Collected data

╭──

(* There is no $d$-dimensional ($d\ge4$) conformally flat Lorentzian spacetime with Ricci tensor $R_{ab}=\lambda g_{ab}+\eta\ell_a\ell_b$ ($\ell$ null, $\eta$ nowhere vanishing) for which $\ell$ is twisting (i.e. the optical matrix $\rho_{ij}=m_{(i)}^am_{(j)}^b\nabla_b\ell_a$ has nonzero antisymmetric part).
   Context: Null frame $\{\ell,n,m_{(i)}\}$: $\ell\cdot\ell=n\cdot n=\ell\cdot m_{(i)}=n\cdot m_{(i)}=0$, $\ell\cdot n=1$, $m_{(i)}\cdot m_{(j)}=\delta_{ij}$. Conformally flat: Weyl tensor vanishes. *)

theory Defs
  imports "HOL-Analysis.Analysis"
begin

text \<open>A spacetime region is an open set U of
  coordinates in real^'n (dimension d = CARD('n)); the metric is given by its
  components g a b :: real^'n \<Rightarrow> real in these coordinates.\<close>

type_synonym 'n field = "real^'n \<Rightarrow> real"

definition pd :: "('n::finite) \<Rightarrow> 'n field \<Rightarrow> 'n field" where
  "pd k f x = frechet_derivative f (at x) (axis k 1)"

fun smooth_k :: "nat \<Rightarrow> (real^('n::finite)) set \<Rightarrow> 'n field \<Rightarrow> bool" where
  "smooth_k 0 U f = continuous_on U f"
| "smooth_k (Suc k) U f = (f differentiable_on U \<and> (\<forall>i. smooth_k k U (pd i f)))"

definition smooth_on_U :: "(real^('n::finite)) set \<Rightarrow> 'n field \<Rightarrow> bool" where
  "smooth_on_U U f = (\<forall>k. smooth_k k U f)"

type_synonym 'n metric = "'n \<Rightarrow> 'n \<Rightarrow> 'n field"

definition gmat :: "'n metric \<Rightarrow> real^'n \<Rightarrow> real^'n^'n" where
  "gmat g x = (\<chi> a b. g a b x)"

definition ginv :: "('n::finite) metric \<Rightarrow> 'n metric" where
  "ginv g a b x = matrix_inv (gmat g x) $ a $ b"

definition lorentzian_at :: "('n::finite) metric \<Rightarrow> real^'n \<Rightarrow> bool" where
  "lorentzian_at g x \<longleftrightarrow> (\<forall>a b. g a b x = g b a x) \<and>
     (\<exists>P::real^'n^'n. invertible P \<and> (\<exists>i0. \<forall>a b.
        (transpose P ** gmat g x ** P) $ a $ b =
          (if a = b then (if a = i0 then -1 else 1) else 0)))"

definition christoffel :: "('n::finite) metric \<Rightarrow> 'n \<Rightarrow> 'n \<Rightarrow> 'n \<Rightarrow> 'n field" where
  "christoffel g a b c x = (1/2) * (\<Sum>e\<in>UNIV. ginv g a e x *
      (pd b (g e c) x + pd c (g e b) x - pd e (g b c) x))"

╰──

▶ _To do_: All lines from the one containing "metric \<Rightarrow> 'n \<Rightarrow>" to the end of the records are to be duplicated exactly, and no other lines are to be given.

▶ _Written solution_:
definition christoffel :: "('n::finite) metric \<Rightarrow> 'n \<Rightarrow> 'n \<Rightarrow> 'n \<Rightarrow> 'n field" where
  "christoffel g a b c x = (1/2) * (\<Sum>e\<in>UNIV. ginv g a e x *
      (pd b (g e c) x + pd c (g e b) x - pd e (g b c) x))"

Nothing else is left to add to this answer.